Orchestration & Automation

 Kubernetes is a rapidly evolving platform that manages container-based applications and their associated networking and storage components. You can build and run modern, portable, microservices-based applications, using Kubernetes to orchestrate and manage the availability of the application components. Kubernetes supports both stateless and stateful applications as teams progress through the adoption of microservices-based applications. As an open platform, Kubernetes allows you to build your applications with your preferred programming language, OS, libraries, or messaging bus.
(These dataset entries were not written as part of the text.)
lemma sum_degree_in_remove_closed_neighbourhood:
  fixes \<phi> :: "nat \<Rightarrow> real"
  assumes "antimono \<phi>" "finite S" "\<And>i. \<not> E i i"
    and v: "v \<in> S" and min: "\<And>i. i \<in> S \<Longrightarrow> degree_in E S v \<le> degree_in E S i"
  defines "S' \<equiv> S - insert v {j\<in>S. E v j}"
  shows "(\<Sum>i\<in>S. \<phi> (degree_in E S i))
    \<le> (\<Sum>i\<in>S'. \<phi> (degree_in E S' i)) + (real (degree_in E S v) + 1) * \<phi> (degree_in E S v)"
proof -
  have "(\<Sum>i\<in>S. \<phi> (degree_in E S i)) = (\<Sum>i\<in>S'. \<phi> (degree_in E S i))
      + (\<Sum>i\<in>insert v {j\<in>S. E v j}. \<phi> (degree_in E S i))"
    unfolding S'_def using v assms(2) by (intro sum.subset_diff) auto
  moreover have "(\<Sum>i\<in>S'. \<phi> (degree_in E S i)) \<le> (\<Sum>i\<in>S'. \<phi> (degree_in E S' i))"
    using assms(1,2) by (intro sum_degree_in_subset_le) (auto simp: S'_def)
  moreover have "(\<Sum>i\<in>insert v {j\<in>S. E v j}. \<phi> (degree_in E S i))
      \<le> (real (degree_in E S v) + 1) * \<phi> (degree_in E S v)"
    using assms(1-3) v min by (rule sum_closed_neighbourhood_le)
  ultimately show ?thesis
    by linarith
qed

lemma independent_subset_bounds_degree_sum:
  fixes \<phi> :: "nat \<Rightarrow> real"
  assumes sym: "\<And>i j. E i j \<Longrightarrow> E j i" and irrefl: "\<And>i. \<not> E i i"
    and "antimono \<phi>"
    and bound: "\<And>d. (real d + 1) * \<phi> d \<le> c"
    and strict_bound: "\<And>d. d \<ge> 1 \<Longrightarrow> (real d + 1) * \<phi> d < c"
    and "finite S"
  shows "\<exists>J \<subseteq> S. independent_set E J \<and> (S \<noteq> {} \<longrightarrow> J \<noteq> {}) \<and>
    (\<Sum>i\<in>S. \<phi> (degree_in E S i)) \<le> c * card J \<and>
    (\<not> independent_set E S \<longrightarrow> (\<Sum>i\<in>S. \<phi> (degree_in E S i)) < c * card J)"
  using \<open>finite S\<close>
proof (induction S rule: finite_psubset_induct)
  case (psubset S)
  show ?case
  proof (cases "S = {}")
    case True
    then show ?thesis by (auto simp: independent_set_def)
  next
    case False
    \<comment> \<open>greedy step: keep a vertex of minimum degree and delete its closed neighbourhood\<close>
    obtain v where v: "v \<in> S" and min: "\<And>i. i \<in> S \<Longrightarrow> degree_in E S v \<le> degree_in E S i"
      using False ex_has_least_nat[of "\<lambda>i. i \<in> S" _ "degree_in E S"] by blast
    define S' where "S' = S - insert v {j\<in>S. E v j}"
    have "S' \<subset> S"
      using v by (auto simp: S'_def)
    then obtain J' where J': "J' \<subseteq> S'" "independent_set E J'"
      and le: "(\<Sum>i\<in>S'. \<phi> (degree_in E S' i)) \<le> c * card J'"
      and lt: "\<not> independent_set E S' \<Longrightarrow> (\<Sum>i\<in>S'. \<phi> (degree_in E S' i)) < c * card J'"
      using psubset.IH by blast
    define J where "J = insert v J'"
    have "J \<subseteq> S" "J \<noteq> {}"
      using J'(1) v by (auto simp: J_def S'_def)
    moreover have "independent_set E J"
      using J' sym irrefl by (auto simp: independent_set_def J_def S'_def)
    moreover have card_J: "card J = card J' + 1"
      using J'(1) psubset.hyps by (auto simp: J_def S'_def intro: finite_subset card_insert_disjoint)
    moreover have sum_S: "(\<Sum>i\<in>S. \<phi> (degree_in E S i))
        \<le> (\<Sum>i\<in>S'. \<phi> (degree_in E S' i)) + (real (degree_in E S v) + 1) * \<phi> (degree_in E S v)"
      unfolding S'_def using \<open>antimono \<phi>\<close> psubset.hyps irrefl v min
      by (rule sum_degree_in_remove_closed_neighbourhood)
    moreover have "(\<Sum>i\<in>S. \<phi> (degree_in E S i)) < c * card J" if "\<not> independent_set E S"
    proof (cases "degree_in E S v \<ge> 1")
      case True
      then show ?thesis
        using sum_S le strict_bound[OF True] card_J by (simp add: algebra_simps)
    next
      case False
      then have "{j\<in>S. E v j} = {}"
        using psubset.hyps by (simp add: degree_in_def not_less_eq_eq)
      then have "\<not> independent_set E S'"
        using that sym unfolding independent_set_def S'_def by blast
      then show ?thesis
        using sum_S lt bound[of "degree_in E S v"] card_J by (simp add: algebra_simps)
    qed
    moreover have "(\<Sum>i\<in>S. \<phi> (degree_in E S i)) \<le> c * card J"
      using sum_S le bound[of "degree_in E S v"] card_J by (simp add: algebra_simps)
    ultimately show ?thesis
      by (intro exI[of _ J]) auto
  qed
qed
(* Let $a\ge2$ and $0\le\mu\le a-1$ be integers and $u\in\mathbb R$. For an integer $0\le j\le a-1$ and real $v$ let $$I_{n,j}(v)=\frac1{2\pi i}\int_L\frac{n!^a}{\Gamma^{a-1}(t+1)\Gamma^a(n-t+1)}\Bigl(\frac{\pi}{\sin\pi t}\Bigr)^{j+1}e^{i\pi tv}\,dt,$$ where $L$ is a loop beginning and ending at $-\infty$ and encircling the points $n,n-1,n-2,\ldots$ once in the positive direction. Then for each $n=0,1,2,\ldots$ $$I_{n,\mu}(u)=\frac1{(2\pi i)^{a-\mu-1}}\sum_{k=0}^{a-\mu-1}(-1)^k\binom{a-\mu-1}{k}I_{n,a-1}(a+u-\mu-1-2k).$$ *)

theory Defs
  imports "HOL-Complex_Analysis.Complex_Analysis"
begin

definition integrandI :: "nat \<Rightarrow> nat \<Rightarrow> nat \<Rightarrow> real \<Rightarrow> complex \<Rightarrow> complex" where
  "integrandI a n j v t =
     of_nat (fact n) ^ a / (Gamma (t + 1) ^ (a - 1) * Gamma (of_nat n - t + 1) ^ a)
     * (of_real pi / sin (of_real pi * t)) ^ (j + 1)
     * exp (\<i> * of_real pi * t * of_real v)"

text \<open>Truncation at real part -R of the concrete loop L: it comes in from -infinity along
  Im t = -1/2, goes up along Re t = n + 1/2 and returns to -infinity along Im t = 1/2,
  i.e. it encircles n, n-1, n-2, ... once in the positive (counterclockwise) direction.\<close>
definition loopL :: "nat \<Rightarrow> real \<Rightarrow> real \<Rightarrow> complex" where
  "loopL n R =
     linepath (Complex (-R) (-1/2)) (Complex (real n + 1/2) (-1/2)) +++
     linepath (Complex (real n + 1/2) (-1/2)) (Complex (real n + 1/2) (1/2)) +++
     linepath (Complex (real n + 1/2) (1/2)) (Complex (-R) (1/2))"

definition Iint :: "nat \<Rightarrow> nat \<Rightarrow> nat \<Rightarrow> real \<Rightarrow> complex" where
  "Iint a n j v = (1 / (2 * of_real pi * \<i>)) *
     Lim at_top (\<lambda>R. contour_integral (loopL n R) (integrandI a n j v))"

end

theory Submission
  imports Defs
begin

text \<open>Write \<open>m = a - \<mu> - 1\<close>. Since \<open>e^{i\<pi>t(m+u-2k)} = e^{i\<pi>tu} X^{m-k} Y^k\<close> with
  \<open>X = e^{i\<pi>t}\<close>, \<open>Y = e^{-i\<pi>t}\<close>, the binomial theorem turns the alternating sum of the
  integrands for \<open>j = a - 1\<close> into \<open>e^{i\<pi>tu} (X - Y)^m = e^{i\<pi>tu} (2i sin \<pi>t)^m\<close> times the common
  factor, and \<open>(2i sin \<pi>t)^m\<close> cancels \<open>m\<close> of the \<open>a\<close> factors \<open>\<pi>/sin \<pi>t\<close>: the identity holds
  already for the integrands. It passes to the improper loop integrals by linearity once the
  integrals for \<open>j = a - 1\<close> are known to converge. For these, the reflection formula gives
  \<open>\<pi> / (\<Gamma>(t+1)\<Gamma>(n-t+1) sin \<pi>t) = -1 / pochhammer (-t) (n+1)\<close>, so on the horizontal rays \<open>Im t = \<plusminus>1/2\<close> the
  integrand is \<open>O(1/(Re t)\<^sup>2)\<close> as \<open>Re t \<rightarrow> -\<infinity>\<close>.\<close>

lemma integrandI_rGamma:
  "integrandI a n j v = (\<lambda>t. of_nat (fact n) ^ a * rGamma (t + 1) ^ (a - 1) * rGamma (of_nat n - t + 1) ^ a
     * (of_real pi / sin (of_real pi * t)) ^ (j + 1) * exp (\<i> * of_real pi * t * of_real v))"
  unfolding integrandI_def Gamma_def
  by (simp add: fun_eq_iff divide_inverse power_inverse inverse_mult_distrib mult.assoc)

lemma binomial_ring_diff:
  fixes x y :: "'a :: comm_ring_1"
  shows "(x - y) ^ m = (\<Sum>k = 0..m. (-1) ^ k * of_nat (m choose k) * (x ^ (m - k) * y ^ k))"
proof -
  have "(x - y) ^ m = (- y + x) ^ m" by simp
  also have "\<dots> = (\<Sum>k\<le>m. of_nat (m choose k) * (- y) ^ k * x ^ (m - k))"
    by (rule binomial_ring)
  finally show ?thesis
    by (simp add: atLeast0AtMost power_minus[of y] mult_ac)
qed

lemma exp_diff_eq_sin: "exp (\<i> * z) - exp (- (\<i> * z)) = 2 * \<i> * sin z"
  by (simp add: sin_exp_eq)

lemma sum_binomial_exp_pi:
  fixes u :: real and t :: complex
  shows "(\<Sum>k = 0..m. (-1) ^ k * of_nat (m choose k) *
            exp (\<i> * of_real pi * t * of_real (real m + u - 2 * real k)))
       = exp (\<i> * of_real pi * t * of_real u) * (2 * \<i> * sin (of_real pi * t)) ^ m"
proof -
  define z where "z = \<i> * of_real pi * t"
  have shift: "exp (z * of_real (real m + u - 2 * real k)) = exp (z * of_real u) * (exp z ^ (m - k) * exp (- z) ^ k)"
    if "k \<le> m" for k
  proof -
    have "z * of_real (real m + u - 2 * real k) = z * of_real u + (of_nat (m - k) * z + of_nat k * (- z))"
      using that by (simp add: of_nat_diff algebra_simps)
    then show ?thesis by (simp only: exp_add exp_of_nat_mult)
  qed
  have "(\<Sum>k = 0..m. (-1) ^ k * of_nat (m choose k) * exp (z * of_real (real m + u - 2 * real k)))
      = exp (z * of_real u) * (exp z - exp (- z)) ^ m"
    unfolding binomial_ring_diff sum_distrib_left
  proof (intro sum.cong refl)
    fix k assume "k \<in> {0..m}"
    then show "(-1) ^ k * of_nat (m choose k) * exp (z * of_real (real m + u - 2 * real k))
        = exp (z * of_real u) * ((-1) ^ k * of_nat (m choose k) * (exp z ^ (m - k) * exp (- z) ^ k))"
      using shift[of k] by (simp add: mult_ac)
  qed
  also have "exp z - exp (- z) = 2 * \<i> * sin (of_real pi * t)"
    unfolding z_def using exp_diff_eq_sin[of "of_real pi * t"] by (simp add: mult.assoc)
  finally show ?thesis unfolding z_def .
qed

lemma integrandI_binomial_identity:
  fixes a \<mu> n :: nat and u :: real
  assumes "\<mu> < a"
  shows "integrandI a n \<mu> u t = 1 / (2 * of_real pi * \<i>) ^ (a - \<mu> - 1) *
    (\<Sum>k = 0..a - \<mu> - 1. (-1) ^ k * of_nat ((a - \<mu> - 1) choose k) *
        integrandI a n (a - 1) (real a + u - real \<mu> - 1 - 2 * real k) t)"
proof -
  define m where "m = a - \<mu> - 1"
  define s where "s = sin (of_real pi * t)"
  define q where "q = of_real pi / s"
  define G where "G = of_nat (fact n) ^ a * rGamma (t + 1) ^ (a - 1) * rGamma (of_nat n - t + 1) ^ a"
  define E where "E = (\<lambda>v::real. exp (\<i> * of_real pi * t * of_real v))"
  have a: "a = \<mu> + 1 + m" and a1: "a - 1 + 1 = a"
    using assms unfolding m_def by simp_all
  have integrand: "integrandI a n j v t = G * q ^ (j + 1) * E v" for j v
    unfolding integrandI_rGamma G_def q_def s_def E_def ..
  have "(\<Sum>k = 0..m. (-1) ^ k * of_nat (m choose k) *
          integrandI a n (a - 1) (real a + u - real \<mu> - 1 - 2 * real k) t)
      = G * q ^ a * (\<Sum>k = 0..m. (-1) ^ k * of_nat (m choose k) * E (real m + u - 2 * real k))"
    unfolding integrand a1 sum_distrib_left
    by (intro sum.cong refl) (simp add: a mult_ac)
  also have "\<dots> = G * E u * (q ^ a * (2 * \<i> * s) ^ m)"
    unfolding E_def s_def sum_binomial_exp_pi by (simp only: mult_ac)
  also have "q ^ a * (2 * \<i> * s) ^ m = q ^ (\<mu> + 1) * (2 * of_real pi * \<i>) ^ m"
  proof (cases "s = 0")
    case True
    then show ?thesis by (simp add: q_def a)
  next
    case False
    then have cancel: "q * (2 * \<i> * s) = 2 * of_real pi * \<i>"
      by (simp add: q_def)
    have "q ^ a * (2 * \<i> * s) ^ m = q ^ (\<mu> + 1) * (q * (2 * \<i> * s)) ^ m"
      unfolding a power_add power_mult_distrib by (simp only: mult_ac)
    then show ?thesis unfolding cancel .
  qed
  finally show ?thesis
    unfolding m_def[symmetric] integrand by (simp add: field_simps)
qed

lemma sin_pi_times_eq_0_iff:
  fixes t :: complex
  shows "sin (of_real pi * t) = 0 \<longleftrightarrow> t \<in> \<int>"
proof
  assume "sin (of_real pi * t) = 0"
  then obtain k :: int where "of_real pi * t = of_real (of_int k * pi)"
    using sin_eq_0 by blast
  then have "t = of_int k" by (simp add: field_simps)
  then show "t \<in> \<int>" by simp
next
  assume "t \<in> \<int>"
  then obtain k :: int where "t = of_int k" by (auto elim: Ints_cases)
  then show "sin (of_real pi * t) = 0"
    by (auto simp: sin_eq_0 mult.commute)
qed

lemma abs_sinh_Im_le_norm_sin:
  fixes z :: complex
  shows "\<bar>sinh (Im z)\<bar> \<le> norm (sin z)"
proof -
  have "\<bar>sinh (Im z)\<bar> = \<bar>norm (exp (- (\<i> * z))) - norm (exp (\<i> * z))\<bar> / 2"
    by (simp add: sinh_field_def)
  also have "\<dots> \<le> norm (exp (\<i> * z) - exp (- (\<i> * z))) / 2"
    using norm_triangle_ineq3[of "exp (- (\<i> * z))" "exp (\<i> * z)"] by (simp add: norm_minus_commute)
  also have "\<dots> = norm (sin z)"
    by (simp add: exp_diff_eq_sin norm_mult)
  finally show ?thesis .
qed

lemma norm_rGamma_plus1:
  fixes z :: complex
  assumes "z \<noteq> 0"
  shows "norm (rGamma (z + 1)) = norm (rGamma z) / norm z"
  using assms rGamma_plus1[of z] by (auto simp: field_simps norm_mult simp flip: norm_mult)

lemma norm_rGamma_add_nat_le:
  fixes w :: complex
  assumes "1 \<le> Re w"
  shows "norm (rGamma (w + of_nat N)) \<le> norm (rGamma w)"
proof (induction N)
  case (Suc N)
  have "1 \<le> norm (w + of_nat N)"
    using assms complex_Re_le_cmod[of "w + of_nat N"] by simp
  then have "norm (rGamma (w + of_nat N + 1)) \<le> norm (rGamma (w + of_nat N))"
    by (subst norm_rGamma_plus1) (auto simp: divide_le_eq mult_le_cancel_left1)
  then show ?case using Suc.IH by (simp add: add_ac)
qed simp

lemma norm_rGamma_bounded_horizontal:
  fixes y :: real
  obtains M where "\<And>z. 1 \<le> Re z \<Longrightarrow> Im z = y \<Longrightarrow> norm (rGamma z) \<le> M"
proof -
  have "compact ((\<lambda>s. rGamma (Complex s y)) ` {1..2})"
    unfolding Complex_eq
    by (intro compact_continuous_image continuous_at_imp_continuous_on ballI continuous_intros) auto
  then obtain M where M: "\<And>s. s \<in> {1..2} \<Longrightarrow> norm (rGamma (Complex s y)) \<le> M"
    by (meson compact_imp_bounded bounded_iff image_eqI)
  show ?thesis
  proof (rule that)
    fix z :: complex assume z: "1 \<le> Re z" "Im z = y"
    define N where "N = nat \<lfloor>Re z - 1\<rfloor>"
    define w where "w = z - of_nat N"
    have w: "Re w \<in> {1..2}" "Im w = y"
      using z unfolding w_def N_def by (auto simp: of_nat_nat) linarith+
    have "norm (rGamma z) = norm (rGamma (w + of_nat N))" unfolding w_def by simp
    also have "\<dots> \<le> norm (rGamma w)" using w by (intro norm_rGamma_add_nat_le) auto
    also have "\<dots> \<le> M" using M[OF w(1)] w(2) by (metis complex.collapse)
    finally show "norm (rGamma z) \<le> M" .
  qed
qed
Existing continuous integration and continuous delivery (CI/CD) tools can integrate with Kubernetes to schedule and deploy releases.


When it comes to managing a multi-containerized environment, Kubernetes has become the solution for a lot of challenges such as:

            Automated Scaling

            Continuous Monitoring of services

            Self-Healing

            Automated Scheduling

and much more!


At its core, Kubernetes also known as K8s is an open-source system for automating deployment, scaling, and management of multi-containerized applications with a touch of "automation" to it.


Kubernetes is particularly useful for DevOps teams since it offers service discovery, load balancing within the cluster, automated rollouts and rollbacks,  resource allocation, isolation, and scaling your pods vertically or horizontally. self-healing of containers that fail, and configuration management. Plus, Kubernetes is a critical tool for building robust DevOps CI/CD pipelines. It has been embraced by the open source community and is now part of the Cloud Native Computing Foundation. Amazon, Microsoft, and Google all offer managed Kubernetes services on their cloud computing platforms, which significantly reduces the operational burden of running and maintaining Kubernetes clusters and their containerized workloads.

Lets see its architecture from different perspectives.


Kubernetes cluster architecture


A Kubernetes cluster in On-Prem


In the context of Kubernetes, everything runs "on top of" a cluster. A Cluster is a group of multiple nodes running together. A node is the actual machine or a server ( Physical or Virtual) that runs a containerized application.


Generally, in the context of Kubernetes, we interact with nodes that are Virtual Machines either running locally on your system (using virtualization software ) or on cloud platforms like AWS, Azure, GCP.


 So to understand better we should know the components more in detail.


A Kubernetes Cluster consists of mainly two kinds of nodes:

●       Master Node or Control Plane

●       Worker Nodes


Master Node or The Control Plane

This is the MOST IMPORTANT node or virtual machine in the entire cluster as it is responsible for making global decisions about the cluster. The tasks such as:

●       receiving and further processing an external request,

●       scheduling an application on a node,

●       detecting and responding to cluster events

and much more, are performed by the components that make up the Control Plane.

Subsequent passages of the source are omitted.